On the other hand, the gel films formed on the adhesive layers of samples 5 to 8 were
All were completely adhered to the support. After further shaking the gel film for 1 hour, we observed the state of adhesion between the gel film and the support, and found that in Sample 1, part of the edge of the gel film had peeled off from the support, but in Samples 6 to 8 ( In the sample of the present invention), the gel film remained uniformly adhered to the support. Separately, after drying the gel membrane, the state of adhesion between it and the support was observed, and it was found that the gel membranes of these samples all adhered well to the support. Furthermore, even after autoradiography treatment, the gel film remained uniformly adhered to the support.

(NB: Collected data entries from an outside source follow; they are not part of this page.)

lemma neighbourhoods_complementary:
  assumes neg: "negative_index_one n (graph_matrix n E)" and sg: "simple_graph n E"
    and C: "is_clique n E C"
    and v: "v \<in> {0..<n} - C" and w: "w \<in> {0..<n} - C"
    and ne: "{u\<in>C. E v u} \<noteq> {}" "{u\<in>C. E w u} \<noteq> {}"
    and proper: "{u\<in>C. E v u} \<noteq> C" "{u\<in>C. E w u} \<noteq> C"
    and neq: "{u\<in>C. E v u} \<noteq> {u\<in>C. E w u}"
  shows "{u\<in>C. E v u} \<inter> {u\<in>C. E w u} = {} \<and> {u\<in>C. E v u} \<union> {u\<in>C. E w u} = C"
proof -
  have in_C: "u \<in> C \<Longrightarrow> u < n" for u
    using C unfolding is_clique_def by auto
  have clique_edge: "E u u'" if "u \<in> C" "u' \<in> C" "u \<noteq> u'" for u u'
    using C that unfolding is_clique_def by auto
  have crossing_or_nested: False
    if pq: "p \<in> C" "E v p" "E w p" "q \<in> C" "E v q" "\<not> E w q"
      and vw: "v \<in> {0..<n} - C" "w \<in> {0..<n} - C" and proper_v: "{u\<in>C. E v u} \<noteq> C"
    for v w p q
  proof (cases "\<exists>t\<in>C. E w t \<and> \<not> E v t")
    case True
    then obtain t where t: "t \<in> C" "E w t" "\<not> E v t"
      by blast
    show False
      by (rule forbidden_crossing[OF neg sg, of v w p q t]) (use pq vw t in_C in \<open>auto intro: clique_edge\<close>)
  next
    case False
    obtain t where t: "t \<in> C" "\<not> E v t"
      using proper_v by blast
    show False
      by (rule forbidden_nested[OF neg sg, of v w p q t]) (use pq vw t False in_C in \<open>auto intro: clique_edge\<close>)
  qed
  show ?thesis
  proof (rule ccontr)
    assume not_compl: "\<not> ?thesis"
    show False
    proof (cases "\<exists>p\<in>C. E v p \<and> E w p")
      case True
      then obtain p where p: "p \<in> C" "E v p" "E w p"
        by blast
      from neq obtain q where "q \<in> C" "E v q \<and> \<not> E w q \<or> E w q \<and> \<not> E v q"
        by blast
      then show False
        using crossing_or_nested[OF p _ _ _ v w proper(1)]
          crossing_or_nested[OF p(1,3,2) _ _ _ w v proper(2)] by blast
    next
      case False
      with not_compl obtain t where t: "t \<in> C" "\<not> E v t" "\<not> E w t"
        by blast
      obtain p q where "p \<in> C" "E v p" "q \<in> C" "E w q"
        using ne by blast
      with False t show False
        by (intro forbidden_disjoint[OF neg sg, of v w p q t]) (use v w in_C in \<open>auto intro: clique_edge\<close>)
    qed
  qed
qed

lemma max_clique_neighbourhood_proper:
  assumes sg: "simple_graph n E" and C: "is_max_clique n E C" and v: "v \<in> {0..<n} - C"
  shows "{u\<in>C. E v u} \<noteq> C"
proof
  assume all: "{u\<in>C. E v u} = C"
  have "is_clique n E (insert v C)"
    using C v all simple_graph_sym[OF sg, of v] unfolding is_max_clique_def is_clique_def
    by (auto simp: subset_iff)
  moreover have "finite C"
    using C finite_subset unfolding is_max_clique_def is_clique_def by auto
  ultimately show False
    using C v unfolding is_max_clique_def by (metis DiffD2 card_insert_disjoint not_less_eq_eq order_refl)
qed

text \<open>Otherwise connectivity forces the graph to be complete, and then \<open>A + I\<close> is the all-ones
  matrix, which has no negative direction.\<close>

lemma exists_outside_neighbour:
  assumes neg: "negative_index_one n (graph_matrix n E)" and sg: "simple_graph n E"
    and conn: "connected_graph n E" and C: "is_clique n E C" and c: "c \<in> C"
  shows "\<exists>v\<in>{0..<n} - C. {u\<in>C. E v u} \<noteq> {}"
proof (rule ccontr)
  assume none: "\<not> ?thesis"
  have all_in_C: "u \<in> C" if "u < n" for u
  proof -
    have "(\<lambda>x y. x < n \<and> y < n \<and> E x y)\<^sup>*\<^sup>* c u"
      using conn c C that unfolding connected_graph_def is_clique_def by auto
    then show ?thesis
    proof (induct rule: rtranclp_induct)
      case (step y z)
      then show ?case
        using none simple_graph_sym[OF sg, of y z] by auto
    qed (rule c)
  qed
  have "qform n (graph_matrix n E) w w = (\<Sum>i<n. w i)\<^sup>2" for w
  proof -
    have "qform n (graph_matrix n E) w w = (\<Sum>i<n. \<Sum>j<n. w i * w j)"
      using C all_in_C simple_graph_irrefl[OF sg] unfolding qform_graph_matrix is_clique_def
      by (auto intro!: sum.cong)
    then show ?thesis
      by (simp add: power2_eq_square sum_product)
  qed
  with neg show False
    unfolding negative_index_one_def by (metis zero_le_power2 not_less)
qed

theorem lemma4p1:
  fixes n :: nat and E :: "nat \<Rightarrow> nat \<Rightarrow> bool" and C :: "nat set"
  assumes "in_F n E"
    and "is_max_clique n E C"
    and "\<forall>D. is_max_clique n E D \<longrightarrow> boundary_edges n E C \<le> boundary_edges n E D"
  shows "\<exists>X Y. X \<noteq> {} \<and> Y \<noteq> {} \<and> X \<inter> Y = {} \<and> X \<union> Y = C \<and>
           (\<forall>v\<in>{0..<n} - C. {u\<in>C. E v u} = X \<or> {u\<in>C. E v u} = Y \<or> {u\<in>C. E v u} = {})"
proof -
  have sg: "simple_graph n E" and conn: "connected_graph n E"
    using assms(1) by (auto simp: in_F_def)
  have neg: "negative_index_one n (graph_matrix n E)"
    using assms(1) by (rule in_F_negative_index_one)
  have C: "is_clique n E C"
    using assms(2) by (simp add: is_max_clique_def)
  have "is_clique n E {0}"
    using conn by (simp add: is_clique_def connected_graph_def)
  then have "card C \<ge> 1"
    using assms(2) unfolding is_max_clique_def by fastforce
  then obtain c where "c \<in> C"
    by (metis card.empty ex_in_conv not_one_le_zero)
  then obtain v0 where v0: "v0 \<in> {0..<n} - C" "{u\<in>C. E v0 u} \<noteq> {}"
    using exists_outside_neighbour[OF neg sg conn C] by blast
  define X where "X = {u\<in>C. E v0 u}"
  have other: "{u\<in>C. E v u} = C - X"
    if "v \<in> {0..<n} - C" "{u\<in>C. E v u} \<noteq> {}" "{u\<in>C. E v u} \<noteq> X" for v
    using neighbourhoods_complementary[OF neg sg C that(1) v0(1) that(2) v0(2)
        max_clique_neighbourhood_proper[OF sg assms(2) that(1)]
        max_clique_neighbourhood_proper[OF sg assms(2) v0(1)]] that(3)
    unfolding X_def by blast
  have "X \<noteq> {}" "C - X \<noteq> {}" "X \<subseteq> C"
    using v0 max_clique_neighbourhood_proper[OF sg assms(2) v0(1)] by (auto simp: X_def)
  with other show ?thesis
    by (intro exI[of _ X] exI[of _ "C - X"]) blast
qed
(* Let $1<n\le d$. Let $\mathrm{Stationary}:(\mathbb{R}^d)^{n+1}\to\{\mathsf{true},\mathsf{false}\}$ be a first-order stationarity condition that is necessary, i.e. for every smooth preference function $f_0:\mathbb{R}^d\to\mathbb{R}$, every collection of smooth strongly convex objectives $f_1,\dots,f_n:\mathbb{R}^d\to\mathbb{R}$, and every $x$ that is preference optimal for $(f_0,f_1,\dots,f_n)$, one has $\mathrm{Stationary}(\nabla f_0(x),\nabla f_1(x),\dots,\nabla f_n(x))=\mathsf{true}$. Then $\mathrm{Stationary}$ is trivial in the following sense: for any preference generic set of vectors $v_0,\dots,v_n\in\mathbb{R}^d$, $\mathrm{Stationary}(v_0,\dots,v_n)=\mathsf{true}$.
   Context: $\Delta^{n-1}$ is the simplex of convex weights in $\mathbb{R}^n$. For objectives $F=(f_1,\dots,f_n)$, a point $x$ is Pareto optimal if for all $x'$, $f_i(x')<f_i(x)$ for some $i$ implies $f_j(x')>f_j(x)$ for some $j$; $\mathrm{Pareto}(F)$ denotes the set of Pareto optimal points. A point $x\in\mathrm{Pareto}(F)$ is preference optimal (for preference $f_0$) if $f_0(x)\le f_0(x')$ for all $x'\in\mathrm{Pareto}(F)$. A set $\{v_0,v_1,\dots,v_n\}\subset\mathbb{R}^d$ with $1<n\le d$ is preference generic if there is a unique $\beta\in\Delta^{n-1}$ with $\beta_1v_1+\dots+\beta_nv_n=0$, and $v_0\notin\mathrm{span}(v_1,\dots,v_n)$. *)

theory Defs
  imports "HOL-Analysis.Analysis"
begin

coinductive smooth_fun :: "(real^'d \<Rightarrow> real) \<Rightarrow> bool" where
  "(\<forall>x. (f has_derivative (\<lambda>h. G x \<bullet> h)) (at x)) \<Longrightarrow> (\<forall>i. smooth_fun (\<lambda>x. G x $ i))
   \<Longrightarrow> smooth_fun f"

definition strongly_convex :: "(real^'d \<Rightarrow> real) \<Rightarrow> bool" where
  "strongly_convex f \<longleftrightarrow> (\<exists>m>0. convex_on UNIV (\<lambda>x. f x - m / 2 * (norm x)\<^sup>2))"

definition Pareto :: "('n \<Rightarrow> 'a \<Rightarrow> real) \<Rightarrow> 'a set" where
  "Pareto F = {x. \<forall>x'. (\<exists>i. F i x' < F i x) \<longrightarrow> (\<exists>j. F j x' > F j x)}"

definition preference_optimal :: "('a \<Rightarrow> real) \<Rightarrow> ('n \<Rightarrow> 'a \<Rightarrow> real) \<Rightarrow> 'a \<Rightarrow> bool" where
  "preference_optimal f0 F x \<longleftrightarrow> x \<in> Pareto F \<and> (\<forall>x'\<in>Pareto F. f0 x \<le> f0 x')"

definition weight_simplex :: "('n::finite \<Rightarrow> real) set" where
  "weight_simplex = {\<beta>. (\<forall>i. 0 \<le> \<beta> i) \<and> (\<Sum>i\<in>UNIV. \<beta> i) = 1}"

definition preference_generic :: "real^'d \<Rightarrow> ('n::finite \<Rightarrow> real^'d) \<Rightarrow> bool" where
  "preference_generic v0 v \<longleftrightarrow>
     (\<exists>!\<beta>. \<beta> \<in> weight_simplex \<and> (\<Sum>i\<in>UNIV. \<beta> i *\<^sub>R v i) = 0) \<and> v0 \<notin> span (range v)"

end

theory Submission
  imports Defs
begin

text \<open>Realise the generic vectors as gradients at the origin of a problem in which the origin
is preference optimal. Let \<open>u \<noteq> 0\<close> be the component of \<open>v\<^sub>0\<close> orthogonal to
\<open>span {v\<^sub>1, \<dots>, v\<^sub>n}\<close>, let \<open>f\<^sub>0 x = v\<^sub>0 \<bullet> x\<close> and \<open>f\<^sub>i x = v\<^sub>i \<bullet> x + Q x\<close> with the positive
definite quadratic form \<open>Q x = \<bar>u\<bar>\<^sup>2/4 \<bar>x\<bar>\<^sup>2 + ((v\<^sub>0 - u/2) \<bullet> x)\<^sup>2\<close>. The weights \<open>\<beta>\<close> with
\<open>\<Sum>\<beta>\<^sub>i v\<^sub>i = 0\<close> give \<open>\<Sum>\<beta>\<^sub>i f\<^sub>i = Q\<close>, whose unique minimizer \<open>0\<close> is therefore Pareto optimal.
Moving along \<open>u\<close> changes every \<open>f\<^sub>i\<close> by the same amount, so at a Pareto point \<open>x\<close> the
derivative of \<open>Q\<close> in direction \<open>u\<close> vanishes; by the choice of \<open>Q\<close> this derivative is
\<open>\<bar>u\<bar>\<^sup>2/2 (v\<^sub>0 \<bullet> x)\<close>. Hence \<open>f\<^sub>0\<close> vanishes on the whole Pareto set and \<open>0\<close> is preference
optimal.\<close>

definition quadratic_fun :: "real \<Rightarrow> real^'d \<Rightarrow> real \<Rightarrow> real^'d \<Rightarrow> real^'d \<Rightarrow> real" where
  "quadratic_fun a b c k = (\<lambda>x. a + b \<bullet> x + c * (x \<bullet> x) + (k \<bullet> x)\<^sup>2)"

lemma has_derivative_quadratic_fun:
  "(quadratic_fun a b c k has_derivative
     (\<lambda>h. (b + (2 * c) *\<^sub>R x + (2 * (k \<bullet> x)) *\<^sub>R k) \<bullet> h)) (at x)"
  unfolding quadratic_fun_def
  by (auto intro!: derivative_eq_intros ext simp: inner_add_left inner_commute algebra_simps)

lemma quadratic_fun_gradient_component:
  "(\<lambda>x. (b + (2 * c) *\<^sub>R x + (2 * (k \<bullet> x)) *\<^sub>R k) $ i)
    = quadratic_fun (b $ i) ((2 * c) *\<^sub>R axis i 1 + (2 * k $ i) *\<^sub>R k) 0 0"
  by (auto simp: quadratic_fun_def cart_eq_inner_axis[of x i for x] inner_add_left
      inner_commute algebra_simps)

lemma smooth_fun_quadratic_fun: "smooth_fun (quadratic_fun a b c k)"
proof -
  have gradient: "\<exists>G. (\<forall>x. (quadratic_fun a b c k has_derivative (\<lambda>h. G x \<bullet> h)) (at x)) \<and>
      (\<forall>i. \<exists>a b c k. (\<lambda>x. G x $ i) = quadratic_fun a b c k)" for a b c k
  proof (rule exI[of _ "\<lambda>x. b + (2 * c) *\<^sub>R x + (2 * (k \<bullet> x)) *\<^sub>R k"], intro conjI allI)
    show "(quadratic_fun a b c k has_derivative
        (\<lambda>h. (b + (2 * c) *\<^sub>R x + (2 * (k \<bullet> x)) *\<^sub>R k) \<bullet> h)) (at x)" for x
      by (rule has_derivative_quadratic_fun)
    show "\<exists>a' b' c' k'. (\<lambda>x. (b + (2 * c) *\<^sub>R x + (2 * (k \<bullet> x)) *\<^sub>R k) $ i)
        = quadratic_fun a' b' c' k'" for i
      using quadratic_fun_gradient_component by blast
  qed
  show ?thesis
  proof (rule smooth_fun.coinduct[where X = "\<lambda>f. \<exists>a b c k. f = quadratic_fun a b c k"])
    fix f :: "real^'d \<Rightarrow> real"
    assume "\<exists>a b c k. f = quadratic_fun a b c k"
    then obtain G where "\<forall>x. (f has_derivative (\<lambda>h. G x \<bullet> h)) (at x)"
      and "\<forall>i. \<exists>a b c k. (\<lambda>x. G x $ i) = quadratic_fun a b c k"
      using gradient by blast
    then show "\<exists>f' G. f = f' \<and> (\<forall>x. (f' has_derivative (\<bullet>) (G x)) (at x)) \<and>
        (\<forall>i. (\<exists>a b c k. (\<lambda>x. G x $ i) = quadratic_fun a b c k) \<or> smooth_fun (\<lambda>x. G x $ i))"
      by blast
  qed blast
qed

lemma convex_on_inner: "convex_on UNIV (\<lambda>x. b \<bullet> x)"
  by (simp add: convex_on_def inner_add_right)

lemma convex_on_inner_power2: "convex_on UNIV (\<lambda>x. (k \<bullet> x)\<^sup>2)"
  using convex_power2 by (auto simp: convex_on_def inner_add_right)

lemma strongly_convex_quadratic_fun:
  assumes "c > 0"
  shows "strongly_convex (quadratic_fun a b c k)"
  unfolding strongly_convex_def
proof (intro exI conjI)
  show "2 * c > 0" using assms by simp
  have "convex_on UNIV (\<lambda>x. a + b \<bullet> x + (k \<bullet> x)\<^sup>2)"
    using convex_on_add[OF convex_on_add[OF convex_on_const[THEN iffD2] convex_on_inner]
        convex_on_inner_power2]
    by simp
  then show "convex_on UNIV (\<lambda>x. quadratic_fun a b c k x - 2 * c / 2 * (norm x)\<^sup>2)"
    by (simp add: quadratic_fun_def power2_norm_eq_inner add.assoc)
qed

lemma Pareto_not_strictly_dominated:
  assumes "x \<in> Pareto F"
  shows "\<not> (\<forall>i. F i y < F i x)"
proof
  assume "\<forall>i. F i y < F i x"
  moreover from this have "\<exists>j. F j x < F j y"
    using assms by (auto simp: Pareto_def)
  ultimately show False
    using less_asym by blast
qed

lemma Pareto_if_unique_weighted_minimizer:
  fixes F :: "'n::finite \<Rightarrow> 'a \<Rightarrow> real"
  assumes nonneg: "\<And>i. 0 \<le> \<beta> i"
    and minimizer: "\<And>y. y \<noteq> x \<Longrightarrow> (\<Sum>i\<in>UNIV. \<beta> i * F i x) < (\<Sum>i\<in>UNIV. \<beta> i * F i y)"
  shows "x \<in> Pareto F"
  unfolding Pareto_def
proof (intro CollectI allI impI)
  fix y assume "\<exists>i. F i y < F i x"
  then have "(\<Sum>i\<in>UNIV. \<beta> i * F i x) < (\<Sum>i\<in>UNIV. \<beta> i * F i y)"
    by (intro minimizer) auto
  then obtain j where "\<beta> j * F j x < \<beta> j * F j y"
    by (meson not_le sum_mono)
  then show "\<exists>j. F j x < F j y"
    using nonneg by (meson mult_left_mono not_le)
qed

lemma weighted_sum_quadratic_fun:
  assumes "\<beta> \<in> weight_simplex" and "(\<Sum>i\<in>UNIV. \<beta> i *\<^sub>R v i) = 0"
  shows "(\<Sum>i\<in>UNIV. \<beta> i * quadratic_fun 0 (v i) c k x) = c * (x \<bullet> x) + (k \<bullet> x)\<^sup>2"
proof -
  have "(\<Sum>i\<in>UNIV. \<beta> i * quadratic_fun 0 (v i) c k x)
      = (\<Sum>i\<in>UNIV. \<beta> i *\<^sub>R v i) \<bullet> x + (\<Sum>i\<in>UNIV. \<beta> i) * (c * (x \<bullet> x) + (k \<bullet> x)\<^sup>2)"
    by (simp add: quadratic_fun_def algebra_simps sum.distrib inner_sum_left
        sum_distrib_left sum_distrib_right)
  then show ?thesis
    using assms by (simp add: weight_simplex_def)
qed

lemma zero_in_Pareto_quadratic_fun:
  assumes "\<beta> \<in> weight_simplex" and "(\<Sum>i\<in>UNIV. \<beta> i *\<^sub>R v i) = 0" and "c > 0"
  shows "0 \<in> Pareto (\<lambda>i. quadratic_fun 0 (v i) c k)"
proof (rule Pareto_if_unique_weighted_minimizer)
  show "0 \<le> \<beta> i" for i
    using assms(1) by (simp add: weight_simplex_def)
  show "(\<Sum>i\<in>UNIV. \<beta> i * quadratic_fun 0 (v i) c k 0) < (\<Sum>i\<in>UNIV. \<beta> i * quadratic_fun 0 (v i) c k y)"
    if "y \<noteq> 0" for y
    using that assms by (simp add: weighted_sum_quadratic_fun add_pos_nonneg)
qed

lemma quadratic_fun_shift:
  "quadratic_fun a b c k (x + t *\<^sub>R u) = quadratic_fun a b c k x + t * (b \<bullet> u)
     + 2 * t * (c * (u \<bullet> x) + (k \<bullet> u) * (k \<bullet> x)) + t\<^sup>2 * (c * (u \<bullet> u) + (k \<bullet> u)\<^sup>2)"
  by (simp add: quadratic_fun_def inner_add_right inner_add_left inner_commute
      power2_eq_square algebra_simps)

lemma Pareto_quadratic_fun_directional_derivative:
  assumes "c > 0" and orthogonal: "\<And>i. v i \<bullet> u = 0"
    and "x \<in> Pareto (\<lambda>i. quadratic_fun (a i) (v i) c k)"
  shows "c * (u \<bullet> x) + (k \<bullet> u) * (k \<bullet> x) = 0"
proof (rule ccontr)
  define A where "A = c * (u \<bullet> x) + (k \<bullet> u) * (k \<bullet> x)"
  define B where "B = c * (u \<bullet> u) + (k \<bullet> u)\<^sup>2"
  assume "c * (u \<bullet> x) + (k \<bullet> u) * (k \<bullet> x) \<noteq> 0"
  then have "A \<noteq> 0" and "u \<noteq> 0"
    by (auto simp: A_def)
  then have "B > 0"
    using \<open>c > 0\<close> by (simp add: B_def add_pos_nonneg)
  have "quadratic_fun (a i) (v i) c k (x + (- A / B) *\<^sub>R u)
      = quadratic_fun (a i) (v i) c k x - A\<^sup>2 / B" for i
  proof -
    have "quadratic_fun (a i) (v i) c k (x + (- A / B) *\<^sub>R u)
        = quadratic_fun (a i) (v i) c k x + 2 * (- A / B) * A + (- A / B)\<^sup>2 * B"
      unfolding quadratic_fun_shift orthogonal A_def B_def by simp
    also have "\<dots> = quadratic_fun (a i) (v i) c k x - A\<^sup>2 / B"
      using \<open>B > 0\<close> by (simp add: field_simps power2_eq_square)
    finally show ?thesis .
  qed
  moreover have "A\<^sup>2 / B > 0"
    using \<open>A \<noteq> 0\<close> \<open>B > 0\<close> by simp
  ultimately have "\<forall>i. quadratic_fun (a i) (v i) c k (x + (- A / B) *\<^sub>R u) < quadratic_fun (a i) (v i) c k x"
    by simp
  then show False
    using Pareto_not_strictly_dominated[OF assms(3)] by blast
qed

lemma orthogonal_component_outside_span:
  fixes v0 :: "'a::euclidean_space"
  assumes "v0 \<notin> span S"
  obtains u where "u \<noteq> 0" and "\<And>w. w \<in> S \<Longrightarrow> w \<bullet> u = 0" and "v0 \<bullet> u = u \<bullet> u"
proof -
  obtain y u where "y \<in> span S" and u: "\<And>w. w \<in> span S \<Longrightarrow> orthogonal u w" and "v0 = y + u"
    using orthogonal_subspace_decomp_exists by blast
  show ?thesis
  proof
    show "u \<noteq> 0"
      using assms \<open>y \<in> span S\<close> \<open>v0 = y + u\<close> by auto
    show "w \<bullet> u = 0" if "w \<in> S" for w
      using u[of w] that by (simp add: span_base orthogonal_def inner_commute)
    show "v0 \<bullet> u = u \<bullet> u"
      using u[OF \<open>y \<in> span S\<close>] \<open>v0 = y + u\<close>
      by (simp add: orthogonal_def inner_add_left inner_commute[of y u])
  qed
qed

lemma preference_optimal_zero_quadratic_fun:
  assumes "\<beta> \<in> weight_simplex" and "(\<Sum>i\<in>UNIV. \<beta> i *\<^sub>R v i) = 0"
    and "\<And>i. v i \<bullet> u = 0" and "v0 \<bullet> u = u \<bullet> u" and "u \<noteq> 0"
  shows "preference_optimal (quadratic_fun 0 v0 0 0)
      (\<lambda>i. quadratic_fun 0 (v i) (u \<bullet> u / 4) (v0 - (1 / 2) *\<^sub>R u)) 0"
proof -
  let ?k = "v0 - (1 / 2) *\<^sub>R u"
  have "u \<bullet> u > 0"
    using \<open>u \<noteq> 0\<close> by simp
  have "v0 \<bullet> x = 0" if "x \<in> Pareto (\<lambda>i. quadratic_fun 0 (v i) (u \<bullet> u / 4) ?k)" for x
  proof -
    have "u \<bullet> u / 4 * (u \<bullet> x) + (?k \<bullet> u) * (?k \<bullet> x) = 0"
      by (rule Pareto_quadratic_fun_directional_derivative[where a = "\<lambda>_. 0", OF _ assms(3) that])
         (use \<open>u \<bullet> u > 0\<close> in simp)
    moreover have "u \<bullet> u / 4 * (u \<bullet> x) + (?k \<bullet> u) * (?k \<bullet> x) = u \<bullet> u / 2 * (v0 \<bullet> x)"
      using assms(4) by (simp add: inner_diff_left inner_diff_right inner_commute algebra_simps)
    ultimately show ?thesis
      using \<open>u \<bullet> u > 0\<close> by simp
  qed
  moreover have "0 \<in> Pareto (\<lambda>i. quadratic_fun 0 (v i) (u \<bullet> u / 4) ?k)"
    by (rule zero_in_Pareto_quadratic_fun[OF assms(1,2)]) (use \<open>u \<bullet> u > 0\<close> in simp)
  ultimately show ?thesis
    by (simp add: preference_optimal_def quadratic_fun_def)
qed

theorem proposition3:
  fixes Stationary :: "real^'d \<Rightarrow> ('n::finite \<Rightarrow> real^'d) \<Rightarrow> bool"
  assumes "1 < CARD('n)" and "CARD('n) \<le> CARD('d)"
    and necessary: "\<And>f0 F x g0 G.
        smooth_fun f0 \<Longrightarrow> (\<forall>i. smooth_fun (F i) \<and> strongly_convex (F i)) \<Longrightarrow>
        preference_optimal f0 F x \<Longrightarrow>
        (f0 has_derivative (\<lambda>h. g0 \<bullet> h)) (at x) \<Longrightarrow>
        (\<forall>i. (F i has_derivative (\<lambda>h. G i \<bullet> h)) (at x)) \<Longrightarrow>
        Stationary g0 G"
    and "preference_generic v0 v"
  shows "Stationary v0 v"
proof -
  from \<open>preference_generic v0 v\<close> obtain \<beta> where \<beta>: "\<beta> \<in> weight_simplex" "(\<Sum>i\<in>UNIV. \<beta> i *\<^sub>R v i) = 0"
    and "v0 \<notin> span (range v)"
    unfolding preference_generic_def by blast
  obtain u where "u \<noteq> 0" and "\<And>i. v i \<bullet> u = 0" and "v0 \<bullet> u = u \<bullet> u"
    using orthogonal_component_outside_span[OF \<open>v0 \<notin> span (range v)\<close>] by (metis rangeI)
  define F where "F i = quadratic_fun 0 (v i) (u \<bullet> u / 4) (v0 - (1 / 2) *\<^sub>R u)" for i
  have optimal: "preference_optimal (quadratic_fun 0 v0 0 0) F 0"
    unfolding F_def by (rule preference_optimal_zero_quadratic_fun) fact+
  show ?thesis
  proof (rule necessary[OF _ _ optimal])
    show "smooth_fun (quadratic_fun 0 v0 0 0)"
      by (rule smooth_fun_quadratic_fun)
    show "\<forall>i. smooth_fun (F i) \<and> strongly_convex (F i)"
      using \<open>u \<noteq> 0\<close> by (simp add: F_def smooth_fun_quadratic_fun strongly_convex_quadratic_fun)
    show "(quadratic_fun 0 v0 0 0 has_derivative (\<lambda>h. v0 \<bullet> h)) (at 0)"
      using has_derivative_quadratic_fun[of 0 v0 0 0 0] by simp
    show "\<forall>i. (F i has_derivative (\<lambda>h. v i \<bullet> h)) (at 0)"
      using has_derivative_quadratic_fun[of 0 "v _" _ _ 0] by (simp add: F_def)
  qed
qed

end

There were no problems with adhesion and good results were shown.

Claims (1)

[Claims] 1. An electrophoretic medium material comprising a three-layer structure in which the following layers are sequentially laminated: [I] Plastic support layer; [II] Grafted derivative containing an amide group of methyl methacrylate macromonomer an adhesive layer formed from; and [III] a polyacrylamide-based aqueous gel formed by crosslinking polymerization of an acrylamide-based compound and a crosslinking agent in the presence of water;
An electrophoretic medium layer comprising a compound having at least one carbamoyl group as a modifier. 2. The electrophoresis medium material according to claim 1, wherein the medium layer further contains a water-soluble polymer and agarose. 3. The electrophoresis medium material according to claim 1 or 2, wherein the denaturing agent is urea or formamide. 4. The electrophoretic medium material according to claim 1 or 2, wherein the support layer is made of a plastic sheet. 5. The electrophoretic medium material according to claim 4, wherein the plastic sheet is made of polyethylene terephthalate. 6. A patent claim characterized in that the adhesive layer formed from the amide group-containing grafted derivative of methyl methacrylate macromonomer is a layer formed substantially only from the amide group-containing grafted derivative of methyl methacrylate macromonomer. The electrophoresis medium material according to item 1. 7. After providing an intermediate layer containing an amide group-containing grafted derivative of a methyl methacrylate macromonomer on a plastic support, at least one acrylamide-based compound and a crosslinking agent are used as modifiers on the intermediate layer. 1. A method for producing an electrophoresis medium material, which comprises cross-linking polymerizing a compound having a carbamoyl group in the presence of water to form a polyacrylamide-based aqueous gel electrophoresis medium layer. 8. The method for producing a medium material for electrophoresis according to claim 7, wherein the medium layer further contains a water-soluble polymer and agarose. 9. The method for producing a medium material for electrophoresis according to claim 7, wherein the denaturing agent is urea or formamide.